Step 4 - Configure Your Model And Define Your Table’s Schema

Match your model schema to your model type and define your model schema through the form input or a json schema.
Set up model configurations
Map your table using a form
Map your table using a JSON schema
Property
Description
Required
prediction_ID
The unique identifier of a specific prediction
Required
timestamp
The timestamp of the prediction in seconds or an RFC3339 timestamp
Optional, defaults to current timestamp at file ingestion time
change_timestamp*
Timestamp of when a row was added (see example for details)
Required *(only applicable for table upload)
prediction_label
Column name for the prediction value
Required
prediction_score
Column name for the predicted score
Required based on model type​
actual_label
Column name for the actual or ground truth value
Optional for production records
relevance_label
Column name for ranking actual or ground truth value
Required for ranking models
actual_score
Column name for the ground truth score
Required based on model type​
relevance_score
Column name for ranking ground truth score
Required for ranking models
features
A string prefix to describe a column feature/. Features must be sent in the same file as predictions
Arize automatically infers columns as features. Choose between feature prefixing OR inferred features.
tags
A string prefix to describe a column tag/. Tags must be sent in the same file as predictions and features
Optional
shap_values
A string prefix to describe a column shap/. SHAP must be sent in the same file as predictions or with a matching prediction_id
Optional
version
A column to specify model version. version/ assigns a version to the corresponding data within a column, or configure your version within the UI
Optional, defaults to 'no_version'
batch_id
Distinguish different batches of data under the same model_id and model_version. Must be specified as a constant during job setup or in the schema
Optional for validation records only
exclude
A list of columns to exclude if the features property is not included in the ingestion schema
Optional
embedding_features
A list of embedding columns, required vector column, optional raw data column, and optional link to data column. Learn more here​
Optional
Once finished, Arize will begin querying your table and ingesting your records as model inferences.

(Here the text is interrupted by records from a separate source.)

(* In the instance constructed below, consider any feasible 2DKR packing (rotations allowed) that contains $2k$ rectangles. Then it does not contain both a horizontally oriented and a vertically oriented rectangle; i.e., either all packed rectangles are vertically oriented or all are horizontally oriented.
   Context: Let $k\ge 9$ be an odd integer and $\mathcal A$ a multiset of $n$ positive integers; let $M=\max_{a\in\mathcal A}a$ and $N=2Mk^4$, $K=[0,N]\times[0,N]$. For each element $a$ of $\mathcal A$ (counted with multiplicity) create two items (rectangles) $R_a$ with width $w(R_a)=N/k+a$ and height $h(R_a)=N/2-a$, and $R'_a$ with width $w(R'_a)=N/k-a$ and height $h(R'_a)=N/2+a$, each of profit $1$. A feasible 2DKR packing places a subset of the items as pairwise disjoint open axis-parallel rectangles inside $K$, each either unrotated or rotated by $90^\circ$. A packed rectangle $i$ is oriented vertically if it is placed unrotated (placed width $w(i)$, placed height $h(i)$, which here satisfies placed height $>$ placed width), and oriented horizontally otherwise. *)

theory Defs
  imports Complex_Main
begin

text \<open>The multiset A of n positive integers is represented as a list as (with multiplicity,
  n = length as). An item is a pair (i, b) with i < n: b = False is R_a, b = True is R'_a,
  where a = as ! i.\<close>

type_synonym item = "nat \<times> bool"

definition bigN :: "nat \<Rightarrow> nat list \<Rightarrow> real" where
  "bigN k as = 2 * real (Max (set as)) * real k ^ 4"

definition items :: "nat list \<Rightarrow> item set" where
  "items as = {(i, b). i < length as}"

definition item_w :: "nat \<Rightarrow> nat list \<Rightarrow> item \<Rightarrow> real" where
  "item_w k as it = (if snd it then bigN k as / real k - real (as ! fst it)
                     else bigN k as / real k + real (as ! fst it))"

definition item_h :: "nat \<Rightarrow> nat list \<Rightarrow> item \<Rightarrow> real" where
  "item_h k as it = (if snd it then bigN k as / 2 + real (as ! fst it)
                     else bigN k as / 2 - real (as ! fst it))"

definition placed_w :: "nat \<Rightarrow> nat list \<Rightarrow> (item \<Rightarrow> bool) \<Rightarrow> item \<Rightarrow> real" where
  "placed_w k as rot it = (if rot it then item_h k as it else item_w k as it)"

Step 5 - Add Model Data To The Table Or View

Arize will run queries to ingest records from your table based on your configured refresh interval.

Step 6 - Check your Table Import Job

Arize will attempt a dry run to validate your job for any access, schema or record-level errors. If the dry run is successful, you may then create the import job.
After creating a job following a successful dry run, you will be taken to the 'Job Status' tab where you can see the status of your import jobs.
Table of your import jobs
You can view the job details and import progress by clicking on the job ID, which uncovers more information about the job.
Audit trail of queries run on your table

Step 7 - Troubleshooting An Import Job

An import job may run into a few problems. Use the dry run and job details UI to troubleshoot and quickly resolve data ingestion issues.

Validation Errors

If there is an error validating a file or table against the model schema, Arize will surface an actionable error message. From there, click on the 'Fix Schema' button to adjust your model schema.

Dry Run File/Table Passes But The Job Fails

If your dry run is successful, but your job fails, click on the job ID to view the job details. This uncovers job details such as information about the file path or query id, the last import job, potential errors, and error locations.
Once you've identified the job failure point, append the edited row to the end of your table with an updated change_timestamp value.